12 Oct 2010 12:00am IST
Cricket: Business trumps sports!
Oddly, Sunday’s meeting of the IPL Governing Council – which terminated the Rajasthan Royals (RR) and Kings XI Punjab (KXIP) franchises on charges of transgression of shareholding and ownership norms, while granting a last chance to the new Kochi franchise to put its house on order – was an emergency meeting. It was held five days before the deadline given to the three franchises to reply to show cause notices issued by the IPL lapsed.
What was the hurry?
Could it be because the bosses of the Board for Control of Cricket in India (BCCI) believe that the Punjab and Rajasthan franchises have a ‘benami’ shareholder in Lalit Modi, the disgraced former IPL chairman? It has long been whispered that he has proxy stakes in both, but this has never been proved.
Mr Modi’s brother-in-law – his wife Minal’s sister’s husband – Suresh Chellaram holds the largest stake in the Rajasthan Royals. His stepson-in-law, Gaurav Burman, has a stake in Kings XI, Punjab. Could Sunday’s purge be one last effort to totally exorcise the ghost of Lalit Modi from the IPL?
The BCCI’s case against the Rajasthan Royals is that the original bid document was signed by Manoj Badale, representing Emerging Media (IPL) Limited, a UK-based company.
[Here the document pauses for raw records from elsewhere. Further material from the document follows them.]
lemma as_morphism_q:
  assumes S: "association_schemoid C S To Tm" and G: "groupoid C"
    and Tinv: "\<forall>f\<in>cmor C. Tm f = inv_mor C f"
  shows "as_morphism E ((\<lambda>\<sigma>. {e \<in> cmor E. q e \<in> \<sigma>}) ` S) id (inv_mor E) C S To Tm id q"
proof -
  have "contra_endofunctor C To Tm" using S unfolding association_schemoid_def by blast
  then have "\<forall>x\<in>cobj E. To x = x"
    using contra_endofunctor_inv_mor_obj[OF G _ Tinv] cobj_eq by simp
  then show ?thesis
    unfolding as_morphism_def using q_functor q_inv_mor[OF G] Tinv q_mor by auto
qed

end

theorem theorem5p5:
  fixes C :: "('o, 'm) cat" and S :: "'m set set" and To :: "'o \<Rightarrow> 'o" and Tm :: "'m \<Rightarrow> 'm"
    and K :: "'k ring" and H :: "'o \<Rightarrow> ('k, 'v) module" and Hm :: "'m \<Rightarrow> 'v \<Rightarrow> 'v"
    and E :: "('o, 'e) cat" and q :: "'e \<Rightarrow> 'm" and act :: "'e \<Rightarrow> 'v \<Rightarrow> 'e"
  assumes assoc: "association_schemoid C S To Tm"
    and grpd: "groupoid C"
    and conn: "connected C"
    and Tinv: "\<forall>f\<in>cmor C. Tm f = inv_mor C f"
    and Hfun: "mod_functor C K H Hm"
    and ext: "linear_extension C K H Hm E q act"
  defines "St \<equiv> (\<lambda>\<sigma>. {e \<in> cmor E. q e \<in> \<sigma>}) ` S"
  shows "quasi_schemoid E St
    \<and> groupoid E
    \<and> association_schemoid E St id (inv_mor E)
    \<and> as_morphism E St id (inv_mor E) C S To Tm id q
    \<and> (\<forall>g\<in>cmor C. \<forall>g'\<in>cmor C. carrier (H (ccod C g)) \<approx> carrier (H (ccod C g')))
    \<and> (\<forall>\<sigma>\<in>St. \<forall>\<tau>\<in>St. \<forall>\<mu>\<in>St. \<forall>f\<in>\<sigma>. \<forall>g\<in>cmor C.
         pairs E \<tau> \<mu> f \<approx>
           carrier (H (ccod C g)) \<times> pairs C (img_block S q \<tau>) (img_block S q \<mu>) (q f))"
proof -
  have C: "category C" using grpd by (rule groupoid_category)
  interpret lin_ext C K H Hm E q act using C Hfun ext by unfold_locales
  have QS: "quasi_schemoid C S" using assoc unfolding association_schemoid_def by blast
  then have P: "is_partition (cmor C) S" unfolding quasi_schemoid_def by blast
  have "pairs E \<tau> \<mu> f \<approx> carrier (H (ccod C g)) \<times> pairs C (img_block S q \<tau>) (img_block S q \<mu>) (q f)"
    if \<tau>: "\<tau> \<in> St" and \<mu>: "\<mu> \<in> St" and f: "f \<in> cmor E" and g: "g \<in> cmor C" for \<tau> \<mu> f g
  proof -
    obtain \<sigma> \<sigma>' where "\<sigma> \<in> S" "\<sigma>' \<in> S" "\<tau> = {e \<in> cmor E. q e \<in> \<sigma>}" "\<mu> = {e \<in> cmor E. q e \<in> \<sigma>'}"
      using \<tau> \<mu> unfolding St_def by blast
    moreover have "\<sigma> \<subseteq> cmor C" "\<sigma>' \<subseteq> cmor C"
      using P calculation unfolding is_partition_def by blast+
    ultimately show ?thesis
      using pairs_preimage_eqpoll[OF grpd conn _ _ f g] img_block_preimage[OF P q_onto] by simp
  qed
  moreover have "carrier (H (ccod C g)) \<approx> carrier (H (ccod C g'))"
    if "g \<in> cmor C" "g' \<in> cmor C" for g g'
    using mod_functor_carrier_eqpoll[OF Hfun grpd conn] cat_cod[OF C] that by blast
  ultimately show ?thesis
    using quasi_schemoid_preimage[OF QS grpd conn] groupoid_if_base_groupoid[OF grpd]
      association_schemoid_preimage[OF assoc grpd conn Tinv] as_morphism_q[OF assoc grpd Tinv]
    unfolding St_def by blast
qed

end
But its shares were held by Ranjit Barthakur and Fraser Castellino, the only shareholders representing Jaipur IPL Cricket Pvt Ltd, the firm which signed the franchise agreement on 31 March 2008. The BCCI says this violates the tender process.
Despite the franchise agreement stating that no change of control can occur in the first three years, the BCCI that in March 2008, Castellino transferred his half of the share capital to EM Sporting Holdings Ltd, Mauritius, and in January 2009, Barthakur transferred 4,999 shares to the Mauritius company and the remaining one share to Emerging Media (IPL) Ltd, UK, the original bidder.
In the case of Kings XI Punjab, the bidders were led by Bollywood star Preity Zinta, who was named chairperson of KPH Dream Cricket Pvt Ltd, the company which held the rights to the franchise. But the shares were held by ACEE Enterprises Pvt Ltd and Mohit Burman, which the BCCI says violates the tender process.
Further, says the BCCI, in May 2008, the two listed owners of KPH Dream Cricket, ACCE Enterprises and Mohit, transferred their shares to Dabur Investment Corp Ltd and Windy Investments Ltd. Then in June, Dabur and Windy’s stake dropped to 23 per cent, with Preity Zinta, Ness Wadia, Colway Investments Ltd, Karan Paul and Root Invest Pvt Ltd picking up the other 77 per cent.
These ‘blatant violations’, says the BCCI, gives it the right to terminate the franchises. This may or may not be true, but the so-called violations are from two years ago. Besides, some of the ownership changes, such as when Bollywood star Shilpa Shetty and her then boyfriend Raj Kundra bought into the Royals, were not surreptitious and very open. It simply cannot justify the extremely hasty manner in which this purge has been conducted. Besides, the IPL format was to expand to 10 teams after the third year, and there are millions of dollars that have been invested in the hope that more matches and teams will mean more income for the franchises. What happens when an eight-team IPL debuts once more in April?
The legality of these moves is suspect, even though the BCCI says it has taken legal opinion from the brightest brains in the land, including Attorney General Goolam E Vahanvaty (in his private capacity). With so much money at stake, there is bound to be a strong legal challenge. The last is yet to be written on this.